Part Two – reform of UWOs
Reform aimed at improving the effectiveness of UWOs, particularly in relation to situations involving complex ownership structures.
Changes include:
- the definition of property being expanded to include homes held in trust or by shell companies;
- more time is to be made available to law enforcement to carry out investigations; and
- reforms to the cost rules meaning agencies will no longer be liable for respondents’ costs unless they act dishonestly, unreasonably or improperly.
Why were reforms needed?
UWOs have been around since January 2018 but have been used only nine times in relation to four cases. The early hopes of a strong weapon to improve civil recovery just haven’t materialised. This is largely attributable to the costs (and public embarrassment) associated with failed attempts.
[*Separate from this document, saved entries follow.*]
lemma stabiliser_fixes_neighbours_image:
  assumes M: "subgroup M (BijGroup S)" and aut: "automorphisms_of M S E"
    and edges: "\<forall>x y. E x y \<longrightarrow> x \<in> S \<and> y \<in> S"
    and a: "a \<in> S" and m: "m \<in> M" and fix_a: "stabiliser_fixes_neighbours M E a"
  shows "stabiliser_fixes_neighbours M E (m a)"
  unfolding stabiliser_fixes_neighbours_def
proof (intro ballI)
  interpret A: group_action "perm_grp S M" S "\<lambda>f. f"
    by (rule group_action_perm_grp[OF M])
  interpret P: group "perm_grp S M"
    using A.group_hom group_hom.axioms(1) by blast
  fix n y assume n: "n \<in> stabiliser M (m a)" and y: "y \<in> neighbours E (m a)"
  define m' where "m' = inv\<^bsub>perm_grp S M\<^esub> m"
  have mM: "m \<in> carrier (perm_grp S M)" and nM: "n \<in> carrier (perm_grp S M)"
    using m n by (auto simp: perm_grp_def stabiliser_def)
  have m'M: "m' \<in> carrier (perm_grp S M)" using P.inv_closed[OF mM] by (simp add: m'_def)
  have yS: "y \<in> S" using y edges by (auto simp: neighbours_def)
  have m'm: "m' (m x) = x" if "x \<in> S" for x
    using A.orbit_sym_aux[OF mM that refl] by (simp add: m'_def)
  have mm': "m (m' x) = x" if "x \<in> S" for x
    using A.orbit_sym_aux[OF m'M that refl] P.inv_inv[OF mM] by (simp add: m'_def)
  define z where "z = m' y"
  have zS: "z \<in> S" using A.element_image[OF m'M yS] by (simp add: z_def)
  have mz: "m z = y" using mm'[OF yS] by (simp add: z_def)
  have "E (m a) (m z)" using y mz by (simp add: neighbours_def)
  moreover have "E a z \<longleftrightarrow> E (m a) (m z)"
    using aut m a zS unfolding automorphisms_of_def by blast
  ultimately have "E a z" by blast
  define n' where "n' = m' \<otimes>\<^bsub>perm_grp S M\<^esub> n \<otimes>\<^bsub>perm_grp S M\<^esub> m"
  have n'M: "n' \<in> carrier (perm_grp S M)" using m'M nM mM by (simp add: n'_def)
  have n'x: "n' x = m' (n (m x))" if x: "x \<in> S" for x
  proof -
    have "m x \<in> S" using A.element_image[OF mM x refl] .
    then show ?thesis
      using A.composition_rule[OF x P.m_closed[OF m'M nM] mM]
        A.composition_rule[OF _ m'M nM] by (simp add: n'_def)
  qed
  have "n' a = a" using n a m'm[OF a] by (simp add: n'x stabiliser_def)
  then have "n' z = z"
    using fix_a n'M \<open>E a z\<close>
    by (auto simp: stabiliser_fixes_neighbours_def stabiliser_def neighbours_def perm_grp_def)
  then have "m' (n y) = m' y" using n'x[OF zS] mz by (simp add: z_def)
  then show "n y = y"
    using mm' yS A.element_image[OF nM yS] by metis
qed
In one case, the NCA was left with a bill of £1.5m after a UWO used to seize property assets was successfully challenged. Identifying ownership of assets has also often proved difficult.
Another obstacle has been the requirement that an agency proves the respondent did not have legitimate means with which to acquire the asset. When legitimate wealth is also held by a suspect (which it often is), it is difficult to point to a specific asset and categorically state that it was obtained via illegitimate means.
Outlook
There is a clear political will to make better use of UWOs, and the Act will undoubtedly move some way towards this.
Part Three – streamlining of the Sanctions Act
Reform to expedite sanctioning of oligarchs and businesses associated with the Russian Government and strengthen powers to impose monetary penalties on those who violate sanctions.
The Act introduces an urgent designation process to allow the UK to quickly impose sanctions in respect of entities already subject to sanctions by other specified countries (including the US and EU). This process includes the removal of the statutory test of appropriateness for making such designations. There does, however, remain a requirement to show reasonable grounds to suspect that the person to be designated is ‘an involved person’.
At present the Office of Financial Sanctions Implementation (OFSI) can only impose civil monetary penalties for contravention if the individual / institution knew or had reasonable cause to believe that they were breaching sanctions. This requirement has been removed, bringing the UK more in line with civil enforcement powers in the US.
Potential concerns
Some commentators have expressed concern that the new rules will capture those who make honest mistakes. One industry capable of falling foul is the Fintech banking industry, with many newly established institutions not having sanctions monitoring capabilities in place to meet the new strict liability test.
Outlook
The sanctions proposals are considered significant and a welcome change to what has historically been perceived as a weak record of UK sanctions enforcement. The Act will make it far easier to impose civil fines for non-compliance with obligations by applying strict liability. It is hoped that this will add teeth to the existing regime which has seen OFSI issue only six fines in the six years since it was created.
Shortly following the Act’s Royal Assent on 15 March, the UK Government announced a further 370 sanctions against Russian and Belarusian entities; 51 of which are believed to be oligarchs and their family members, with an estimated worth of £100bn.
Next steps
The Act sets out the first set of measures in a wider package of legislative proposals intended to tackle illicit finance. Next to be addressed by Government in the coming months is the long overdue reforming of Companies House and the introduction of powers to seize crypto assets more easily.
Steps taken to tackle and reduce economic crime are certainly welcome, and the effectiveness of the Act will become clearer in due course. We eagerly await the next set of proposals and are interested to see whether these are delivered at such pace.